[Records excerpted from a collection]

□ □ □

lemma smooth_bounded_domain_open_bounded:
  assumes "smooth_bounded_domain \<Omega>"
  shows "open \<Omega>" "bounded \<Omega>"
proof -
  obtain \<rho> where "bounded \<Omega>" "smooth_fun \<rho>" "\<Omega> = {x. \<rho> x < 0}"
    using assms unfolding smooth_bounded_domain_def by blast
  then show "open \<Omega>" "bounded \<Omega>"
    using open_Collect_less[OF smooth_fun_continuous continuous_on_const] by auto
qed

lemma bounded_disjoint_translate:
  fixes \<Omega> :: "'a::real_normed_vector set"
  assumes "bounded \<Omega>" "norm e = 1"
  obtains D where "0 < D" "\<And>x. x \<in> \<Omega> \<Longrightarrow> x + D *\<^sub>R e \<notin> \<Omega>"
proof -
  obtain r where r: "0 < r" "\<Omega> \<subseteq> ball 0 r"
    using bounded_subset_ballD[OF assms(1)] by blast
  have "x + (2 * r) *\<^sub>R e \<notin> \<Omega>" if "x \<in> \<Omega>" for x
  proof
    assume "x + (2 * r) *\<^sub>R e \<in> \<Omega>"
    then have "norm (x + (2 * r) *\<^sub>R e) < r"
      using r(2) by auto
    moreover have "norm x < r"
      using r(2) that by auto
    moreover have "2 * r - norm x \<le> norm (x + (2 * r) *\<^sub>R e)"
      using norm_diff_ineq[of "(2 * r) *\<^sub>R e" x] assms(2) r(1) by (simp add: add.commute)
    ultimately show False
      by linarith
  qed
  with r(1) show ?thesis
    using that[of "2 * r"] by simp
qed

theorem proposition2p4:
  fixes \<Omega> :: "(real ^ 'n) set" and m :: real
  assumes "CARD('n) \<ge> 3"
    and "smooth_bounded_domain \<Omega>"
    and "m > 0"
  shows "\<exists>C>0. \<forall>U G g. H10L_trace \<Omega> U G g \<longrightarrow>
           (\<integral>p. (norm (G p))\<^sup>2 \<partial>lebesgue_on (cyl \<Omega>))
           + m\<^sup>2 * (\<integral>p. (U p)\<^sup>2 \<partial>lebesgue_on (cyl \<Omega>))
           - m * (\<integral>x. (g x)\<^sup>2 \<partial>lebesgue_on \<Omega>)
           \<ge> C * (\<integral>p. (norm (G p))\<^sup>2 \<partial>lebesgue_on (cyl \<Omega>))"
proof -
  note \<Omega> = smooth_bounded_domain_open_bounded[OF assms(2)]
  obtain e :: "real ^ 'n" where e: "e \<in> Basis"
    using nonempty_Basis by blast
  obtain D where D: "0 < D" "\<And>x. x \<in> \<Omega> \<Longrightarrow> x + D *\<^sub>R e \<notin> \<Omega>"
    using bounded_disjoint_translate[OF \<Omega>(2) norm_Basis[OF e]] by metis
  show ?thesis
  proof (intro exI[of _ "1 / (2 + m\<^sup>2 * (4 * D\<^sup>2))"] conjI allI impI)
    show "0 < 1 / (2 + m\<^sup>2 * (4 * D\<^sup>2))"
      by (simp add: add_pos_nonneg)
    fix U G g
    assume "H10L_trace \<Omega> U G g"
    from H10L_trace_energy_coercive[OF this \<Omega>(1) e D assms(3)]
    show "1 / (2 + m\<^sup>2 * (4 * D\<^sup>2)) * (\<integral>p. (norm (G p))\<^sup>2 \<partial>lebesgue_on (cyl \<Omega>))
      \<le> (\<integral>p. (norm (G p))\<^sup>2 \<partial>lebesgue_on (cyl \<Omega>)) + m\<^sup>2 * (\<integral>p. (U p)\<^sup>2 \<partial>lebesgue_on (cyl \<Omega>))
        - m * (\<integral>x. (g x)\<^sup>2 \<partial>lebesgue_on \<Omega>)"
      by simp
  qed
qed

end
text \<open>(k, M_L, M_eq, [M_0, ..., M_(k-1)]): alphabet A = {0..<k}.\<close>
type_synonym preaut = "nat \<times> nat nfa \<times> pletter nfa \<times> pletter nfa list"

definition alph :: "preaut \<Rightarrow> nat set" where
  "alph \<Gamma> = {..< fst \<Gamma>}"

definition L_of :: "preaut \<Rightarrow> nat list set" where
  "L_of \<Gamma> = (case \<Gamma> of (k, ML, Meq, Ma) \<Rightarrow> lang ML)"

definition Leq_of :: "preaut \<Rightarrow> (nat list \<times> nat list) set" where
  "Leq_of \<Gamma> = (case \<Gamma> of (k, ML, Meq, Ma) \<Rightarrow> sync_rel Meq)"

definition La_of :: "preaut \<Rightarrow> nat \<Rightarrow> (nat list \<times> nat list) set" where
  "La_of \<Gamma> a = (case \<Gamma> of (k, ML, Meq, Ma) \<Rightarrow> sync_rel (Ma ! a))"

definition pre_automatic :: "preaut \<Rightarrow> bool" where
  "pre_automatic \<Gamma> \<longleftrightarrow> (case \<Gamma> of (k, ML, Meq, Ma) \<Rightarrow>
      lang ML \<subseteq> lists {..<k}
    \<and> (\<exists>R. R \<subseteq> lang ML \<times> lang ML \<and> sync_recognises Meq R)
    \<and> length Ma = k
    \<and> (\<forall>a < k. \<exists>R. R \<subseteq> lang ML \<times> lang ML \<and> sync_recognises (Ma ! a) R))"

definition semigroup_on :: "'a set \<Rightarrow> ('a \<Rightarrow> 'a \<Rightarrow> 'a) \<Rightarrow> bool" where
  "semigroup_on S f \<longleftrightarrow> (\<forall>x\<in>S. \<forall>y\<in>S. f x y \<in> S)
     \<and> (\<forall>x\<in>S. \<forall>y\<in>S. \<forall>z\<in>S. f (f x y) z = f x (f y z))"
lemma indep_set_mono: "indep_set A B \<Longrightarrow> A' \<subseteq> A \<Longrightarrow> B' \<subseteq> B \<Longrightarrow> indep_set A' B'"
  unfolding indep_sets2_eq by blast

lemma indep_set_INT_Pi:
  assumes indep: "indep_sets F K" and K: "finite K" "K \<noteq> {}"
    and stable: "\<And>i. i \<in> K \<Longrightarrow> Int_stable (F i)"
    and sub: "\<And>i. i \<in> K \<Longrightarrow> A i \<subseteq> F i \<and> B i \<subseteq> F i"
    and AB: "\<And>i. i \<in> K \<Longrightarrow> indep_set (A i) (B i)"
  shows "indep_set ((\<lambda>c. \<Inter>i\<in>K. c i) ` Pi K A) ((\<lambda>c. \<Inter>i\<in>K. c i) ` Pi K B)"
proof (rule indep_setI)
  have "(\<Inter>i\<in>K. c i) \<in> events" if "c \<in> Pi K F" for c
    using indep that K by (intro sets.finite_INT) (auto simp: indep_sets_def)
  then show "(\<lambda>c. \<Inter>i\<in>K. c i) ` Pi K A \<subseteq> events" "(\<lambda>c. \<Inter>i\<in>K. c i) ` Pi K B \<subseteq> events"
    using sub by fastforce+
next
  fix a b assume "a \<in> (\<lambda>c. \<Inter>i\<in>K. c i) ` Pi K A" "b \<in> (\<lambda>c. \<Inter>i\<in>K. c i) ` Pi K B"
  then obtain c d where a: "a = (\<Inter>i\<in>K. c i)" "c \<in> Pi K A" and b: "b = (\<Inter>i\<in>K. d i)" "d \<in> Pi K B"
    by blast
  have cd_F: "c i \<in> F i" "d i \<in> F i" if "i \<in> K" for i
    using a b sub[OF that] that by auto
  have "prob (a \<inter> b) = prob (\<Inter>i\<in>K. c i \<inter> d i)"
    using a b by (auto intro!: arg_cong[where f=prob])
  also have "\<dots> = (\<Prod>i\<in>K. prob (c i \<inter> d i))"
    using cd_F K by (intro indep_setsD[OF indep]) (auto intro!: Int_stableD[OF stable])
  also have "\<dots> = (\<Prod>i\<in>K. prob (c i) * prob (d i))"
    using a b AB by (intro prod.cong) (auto intro: indep_setD)
  also have "\<dots> = prob a * prob b"
    using a b cd_F K by (simp add: prod.distrib indep_setsD[OF indep])
  finally show "prob (a \<inter> b) = prob a * prob b" .
qed

lemma indep_set_sigma_sets_UN:
  assumes indep: "indep_sets F K" and K: "finite K" "K \<noteq> {}"
    and sa: "\<And>i. i \<in> K \<Longrightarrow>
      sigma_algebra (space M) (F i) \<and> sigma_algebra (space M) (A i) \<and> sigma_algebra (space M) (B i)"
    and sub: "\<And>i. i \<in> K \<Longrightarrow> A i \<subseteq> F i \<and> B i \<subseteq> F i"
    and AB: "\<And>i. i \<in> K \<Longrightarrow> indep_set (A i) (B i)"
  shows "indep_set (sigma_sets (space M) (\<Union>i\<in>K. A i)) (sigma_sets (space M) (\<Union>i\<in>K. B i))"
proof -
  have stable: "Int_stable (F i)" "Int_stable (A i)" "Int_stable (B i)" if "i \<in> K" for i
    using sa[OF that] by (auto intro: algebra.Int_stable sigma_algebra.axioms)
  have "indep_set (sigma_sets (space M) ((\<lambda>c. \<Inter>i\<in>K. c i) ` Pi K A))
      (sigma_sets (space M) ((\<lambda>c. \<Inter>i\<in>K. c i) ` Pi K B))"
    using stable by (intro indep_set_sigma_sets indep_set_INT_Pi[OF indep K] Int_stable_INT_Pi sub AB)
  then show ?thesis
    by (rule indep_set_mono; intro sigma_sets_subseteq UN_subset_INT_Pi) (use sa in blast)+
qed

lemma indep_set_commute: "indep_set A B \<Longrightarrow> indep_set B A"
  unfolding indep_sets2_eq by (metis Int_commute mult.commute)

lemma distr_pair_eq_if_indep_subalgebras:
  assumes indep: "indep_set (sets N1) (sets N2)"
    and space: "space N1 = space M" "space N2 = space M"
    and f: "f \<in> measurable N1 S" and g: "g \<in> measurable N2 T"
  shows "random_variable S f" "random_variable T g"
    and "distr M (S \<Otimes>\<^sub>M T) (\<lambda>\<omega>. (f \<omega>, g \<omega>)) = distr M S f \<Otimes>\<^sub>M distr M T g"
proof -
  have f_sets: "f -` A \<inter> space M \<in> sets N1" if "A \<in> sets S" for A
    using measurable_sets[OF f that] space(1) by simp
  have g_sets: "g -` B \<inter> space M \<in> sets N2" if "B \<in> sets T" for B
    using measurable_sets[OF g that] space(2) by simp
  have N1: "sets N1 \<subseteq> events" and N2: "sets N2 \<subseteq> events"
    using indep by (auto dest: indep_setD_ev1 indep_setD_ev2)
  show f': "random_variable S f"
    using measurable_space[OF f] f_sets N1 by (intro measurableI) (auto simp: space)
  show g': "random_variable T g"
    using measurable_space[OF g] g_sets N2 by (intro measurableI) (auto simp: space)
  interpret S: prob_space "distr M S f" by (rule prob_space_distr) fact
  interpret T: prob_space "distr M T g" by (rule prob_space_distr) fact
  interpret ST: pair_prob_space "distr M S f" "distr M T g" ..
  show "distr M (S \<Otimes>\<^sub>M T) (\<lambda>\<omega>. (f \<omega>, g \<omega>)) = distr M S f \<Otimes>\<^sub>M distr M T g"
  proof (rule pair_measure_eqI[symmetric])
    fix A B assume A: "A \<in> sets (distr M S f)" and B: "B \<in> sets (distr M T g)"
    have "(\<lambda>\<omega>. (f \<omega>, g \<omega>)) -` (A \<times> B) \<inter> space M = (f -` A \<inter> space M) \<inter> (g -` B \<inter> space M)"
      by auto
    moreover have "prob ((f -` A \<inter> space M) \<inter> (g -` B \<inter> space M)) = prob (f -` A \<inter> space M) * prob (g -` B \<inter> space M)"
      using A B f_sets g_sets by (intro indep_setD[OF indep]) auto
    ultimately show "emeasure (distr M S f) A * emeasure (distr M T g) B
        = emeasure (distr M (S \<Otimes>\<^sub>M T) (\<lambda>\<omega>. (f \<omega>, g \<omega>))) (A \<times> B)"
      using A B f' g' by (simp add: emeasure_distr measurable_Pair emeasure_eq_measure ennreal_mult)
  qed (simp_all add: S.sigma_finite_measure_axioms T.sigma_finite_measure_axioms)
qed

lemma nn_integral_indep_le:
  assumes V: "random_variable S V" and U: "random_variable T U"
    and indep: "distr M (S \<Otimes>\<^sub>M T) (\<lambda>\<omega>. (V \<omega>, U \<omega>)) = distr M S V \<Otimes>\<^sub>M distr M T U"
    and F: "F \<in> borel_measurable (S \<Otimes>\<^sub>M T)" and \<phi>: "\<phi> \<in> borel_measurable S"
    and bound: "\<And>s. s \<in> space S \<Longrightarrow> (\<integral>\<^sup>+\<omega>. F (s, U \<omega>) \<partial>M) \<le> \<phi> s"
  shows "(\<integral>\<^sup>+\<omega>. F (V \<omega>, U \<omega>) \<partial>M) \<le> (\<integral>\<^sup>+\<omega>. \<phi> (V \<omega>) \<partial>M)"
proof -
  interpret PV: prob_space "distr M S V" by (rule prob_space_distr) fact
  interpret PU: prob_space "distr M T U" by (rule prob_space_distr) fact
  have "(\<integral>\<^sup>+\<omega>. F (V \<omega>, U \<omega>) \<partial>M) = (\<integral>\<^sup>+x. F x \<partial>(distr M S V \<Otimes>\<^sub>M distr M T U))"
    unfolding indep[symmetric] using V U F by (subst nn_integral_distr) (auto intro: measurable_Pair)
  also have "\<dots> = (\<integral>\<^sup>+s. \<integral>\<^sup>+t. F (s, t) \<partial>distr M T U \<partial>distr M S V)"
    using F by (intro PU.nn_integral_fst[symmetric]) simp
  also have "\<dots> \<le> (\<integral>\<^sup>+s. \<phi> s \<partial>distr M S V)"
  proof (rule nn_integral_mono)
    fix s assume "s \<in> space (distr M S V)"
    then have s: "s \<in> space S" by simp
    have "(\<integral>\<^sup>+t. F (s, t) \<partial>distr M T U) = (\<integral>\<^sup>+\<omega>. F (s, U \<omega>) \<partial>M)"
      using U by (subst nn_integral_distr) (auto intro: measurable_compose_Pair1[OF s F])
    then show "(\<integral>\<^sup>+t. F (s, t) \<partial>distr M T U) \<le> \<phi> s" using bound[OF s] by simp
  qed
  also have "\<dots> = (\<integral>\<^sup>+\<omega>. \<phi> (V \<omega>) \<partial>M)"
    using V \<phi> by (subst nn_integral_distr) auto
  finally show ?thesis .
qed

lemma sigma_algebra_gen_sigma: "sigma_algebra (space M) (gen_sigma M Z J)"
  unfolding gen_sigma_def by (rule sigma_algebra_sigma_sets) auto

lemma gen_sigma_mono: "J \<subseteq> J' \<Longrightarrow> gen_sigma M Z J \<subseteq> gen_sigma M Z J'"
  unfolding gen_sigma_def by (rule sigma_sets_subseteq) auto

lemma gen_sigma_subset_Pow: "gen_sigma M Z J \<subseteq> Pow (space M)"
  using sigma_algebra_gen_sigma by (auto simp: sigma_algebra_iff2)

lemma gen_sigma_subset_events:
  "(\<And>i. i \<in> J \<Longrightarrow> Z i \<in> borel_measurable M) \<Longrightarrow> gen_sigma M Z J \<subseteq> events"
  unfolding gen_sigma_def by (rule sets.sigma_sets_subset) auto

lemma measurable_sigma_gen_sigma:
  assumes "i \<in> J" "gen_sigma M Z J \<subseteq> G" "G \<subseteq> Pow (space M)"
  shows "Z i \<in> borel_measurable (sigma (space M) G)"
proof (rule measurableI)
  fix A :: "real set" assume "A \<in> sets borel"
  then have "Z i -` A \<inter> space M \<in> gen_sigma M Z J"
    using assms(1) unfolding gen_sigma_def by (intro sigma_sets.Basic) auto
  then show "Z i -` A \<inter> space (sigma (space M) G) \<in> sets (sigma (space M) G)"
    using assms(2,3) by auto
qed simp

lemma indep_set_gen_sigma_empty: "B \<subseteq> events \<Longrightarrow> indep_set (gen_sigma M Z {}) B"
  unfolding gen_sigma_def indep_sets2_eq
  by (auto simp: sigma_sets_empty_eq prob_space Int_absorb1 dest: sets.sets_into_space)

lemma m_dependent_indep_set:
  assumes mdep: "m_dependent M m Z" and rv: "\<And>n. n \<ge> 1 \<Longrightarrow> Z n \<in> borel_measurable M"
    and n: "n \<ge> 1"
  shows "indep_set (gen_sigma M Z {1..n - Suc m}) (gen_sigma M Z {n})"
proof (cases "n - Suc m \<ge> 1")
  case True
  have "indep_set (gen_sigma M Z {1..n - Suc m}) (gen_sigma M Z {n - Suc m + Suc m..})"
    using mdep[unfolded m_dependent_def, rule_format, of "n - Suc m" "Suc m"] True by simp
  moreover have "n - Suc m + Suc m = n" using True by simp
  ultimately have "indep_set (gen_sigma M Z {1..n - Suc m}) (gen_sigma M Z {n..})" by simp
  then show ?thesis by (rule indep_set_mono) (simp_all add: gen_sigma_mono)
next
  case False
  then have "{1..n - Suc m} = {}" by simp
  moreover have "gen_sigma M Z {n} \<subseteq> events"
    using rv n by (intro gen_sigma_subset_events) simp
  ultimately show ?thesis by (simp add: indep_set_gen_sigma_empty)
qed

□ □ □

## PROBLEM
Set down, exactly as they stand above, the lines starting with the line with "by (auto simp: sigma_sets_empty_eq" and going on through the line with "using mdep[unfolded m_dependent_def, rule_format, of", and no others.

## OUTPUT FOR THIS EXERCISE
  by (auto simp: sigma_sets_empty_eq prob_space Int_absorb1 dest: sets.sets_into_space)

lemma m_dependent_indep_set:
  assumes mdep: "m_dependent M m Z" and rv: "\<And>n. n \<ge> 1 \<Longrightarrow> Z n \<in> borel_measurable M"
    and n: "n \<ge> 1"
  shows "indep_set (gen_sigma M Z {1..n - Suc m}) (gen_sigma M Z {n})"
proof (cases "n - Suc m \<ge> 1")
  case True
  have "indep_set (gen_sigma M Z {1..n - Suc m}) (gen_sigma M Z {n - Suc m + Suc m..})"
    using mdep[unfolded m_dependent_def, rule_format, of "n - Suc m" "Suc m"] True by simp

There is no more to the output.